Engineers You May Not Know
The aerospace and automotive industries have undergone masses of change and innovation over the past century. This can be most keenly seen in the example of flight. The first of which occurred in 1903 and lasted all of 12 seconds; whereas, today, a flight from Europe to Australia is on the horizon that will last an incredible 17 hours. With such a comparison, it is easy to see just how far engineering has come.
However, this did not suddenly occur as part of a magician’s parlour trick. Years of hard work, dedication and research by incredible engineers has made such a fear happen. Yet, unfortunately very few people would be able to name some of the engineers behind the amazing advances that have shaped our modern lives.
So, who are some the most important engineers that you may never have heard of?
One of the most influential women in engineering, Margaret Heafield Hamilton (born August 17, 1936) is an American engineer and computer scientist. She is best known – or unknown in the case of this blog – for developing the on-board flight software that helped the Apollo space program lift off. Over a long career, she also became the CEO of her own company, Hamilton Technologies, Inc., published over one hundred engineering papers and has helped develop numerous computer programs that have aided the aerospace industry.
Hamilton has recently been awarded the Presidential Medal of Freedom by U.S. President Barack Obama, celebrating her work developing the on-board flight software for the NASA Apollo Moon missions. An amazing award for such an incredible accomplishment!
One of the most important inventions of the twentieth century is undoubtedly computer-aided design software (CAD/CAM); however, the man behind the software is practically unknown.
Walter Braithwaite was born in Jamaica but moved abroad to pursue an engineering degree. This, in turn, led to him to a long and fruitful career with Boeing. This career involved him taking charge of teams that were responsible for many important advancements in aero technology. But, the most important was certainly the invention of CAD. It has meant that aeroplanes and other products could be designed entirely on a computer – revolutionising the way engineering works. So, thank Mr Braithwaite for not having to use a pen and paper to design spacecraft!
However, the unknown brilliance in engineering is not only limited to aerospace. Did you ever wonder where the word diesel came from? Well, it was named after the inventor of the diesel engine: Rudolf Diesel. A German inventor and engineer, he is most famous for the invention of the engine and his mysterious death at sea.
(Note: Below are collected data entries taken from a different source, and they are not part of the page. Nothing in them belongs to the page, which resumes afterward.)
lemma stretched_exp_decay_smallo:
  fixes C c d \<nu> :: real
  assumes "0 < c" "0 < d" "0 < \<nu>"
  shows "(\<lambda>n::nat. C * real n * exp (- c * (real n / \<nu>) powr d)) \<in> o(\<lambda>n. real n powr (-1/2))"
proof (rule smalloI_tendsto)
  show "((\<lambda>n. C * real n * exp (- c * (real n / \<nu>) powr d) / real n powr (-1/2)) \<longlongrightarrow> 0) sequentially"
    using assms by real_asymp
qed (use eventually_gt_at_top[of 0] in \<open>eventually_elim, simp\<close>)

lemma eventually_kpkvb_R_ge:
  assumes "0 < \<nu>"
  shows "eventually (\<lambda>n. 0 < real n / \<nu> \<and> R0 \<le> kpkvb_R \<nu> n) sequentially"
proof -
  have "eventually (\<lambda>n. \<nu> * exp (R0/2) < real n) sequentially"
    by real_asymp
  then show ?thesis
  proof (rule eventually_mono)
    fix n assume "\<nu> * exp (R0/2) < real n"
    then have bound: "exp (R0/2) < real n / \<nu>" using assms by (simp add: field_simps)
    then have pos: "0 < real n / \<nu>" using exp_gt_zero[of "R0/2"] by linarith
    have "R0/2 < ln (real n / \<nu>)"
      using ln_less_cancel_iff[OF exp_gt_zero pos] bound by simp
    with pos show "0 < real n / \<nu> \<and> R0 \<le> kpkvb_R \<nu> n"
      by (simp add: kpkvb_R_def)
  qed
qed

theorem mainTheorem13:
  fixes \<alpha> :: real
  assumes "0 < \<alpha>" and "\<alpha> < 1 / 2"
  shows "\<exists>\<nu>0. \<forall>\<nu> \<ge> \<nu>0. 0 < \<nu> \<longrightarrow>
           (\<lambda>n::nat. 1 - measure_pmf.prob (tile_counts \<alpha> \<nu> n) (all_top_demands_zero \<nu> n))
             \<in> o(\<lambda>n. real n powr (-1/2))"
proof (intro exI allI impI)
  fix \<nu> :: real
  assume "1000 / \<alpha> \<le> \<nu>" "0 < \<nu>"
  define K where "K = \<nu> * \<alpha> * ln 2 / 64"
  define g where "g = (\<lambda>n::nat. 64 * exp 2 / \<nu> * real n
    * exp (- ((1 - exp (-1)) * K) * (real n / \<nu>) powr (0.9 * (1 - 2*\<alpha>))))"
  have "1000 * (2/3) \<le> \<nu> * \<alpha> * ln 2"
    using \<open>1000 / \<alpha> \<le> \<nu>\<close> assms(1) ln2_ge_two_thirds by (intro mult_mono) (auto simp: field_simps)
  then have "10 \<le> K" by (simp add: K_def)
  have "eventually (\<lambda>n. norm (1 - measure_pmf.prob (tile_counts \<alpha> \<nu> n) (all_top_demands_zero \<nu> n))
      \<le> 1 * norm (g n)) sequentially"
    using eventually_kpkvb_R_ge[OF \<open>0 < \<nu>\<close>, of "10 / \<alpha> + 40"]
  proof eventually_elim
    case (elim n)
    then show ?case
      using one_minus_prob_all_top_demands_zero_le[of \<alpha> \<nu> n] assms \<open>0 < \<nu>\<close> \<open>10 \<le> K\<close>
        measure_pmf.prob_le_1
      by (auto simp: K_def g_def)
  qed
  then have "(\<lambda>n. 1 - measure_pmf.prob (tile_counts \<alpha> \<nu> n) (all_top_demands_zero \<nu> n)) \<in> O(g)"
    by (rule bigoI)
  also have "g \<in> o(\<lambda>n. real n powr (-1/2))"
    unfolding g_def using \<open>10 \<le> K\<close> assms \<open>0 < \<nu>\<close> by (intro stretched_exp_decay_smallo) auto
  finally show "(\<lambda>n. 1 - measure_pmf.prob (tile_counts \<alpha> \<nu> n) (all_top_demands_zero \<nu> n))
      \<in> o(\<lambda>n. real n powr (-1/2))" .
qed

end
Diesel is not remembered, perhaps, because many agree that the engine in its final form was a culmination of hundreds of years of ideas. He simply brought them all together in the final product, according to many historians. By the turn of the twentieth century Diesel’s version of the engine was used to power pipelines, automobiles, boats, factories, water and power plants. For this reason, the engine gained his name whilst also simultaneously leaving him somewhat unknown.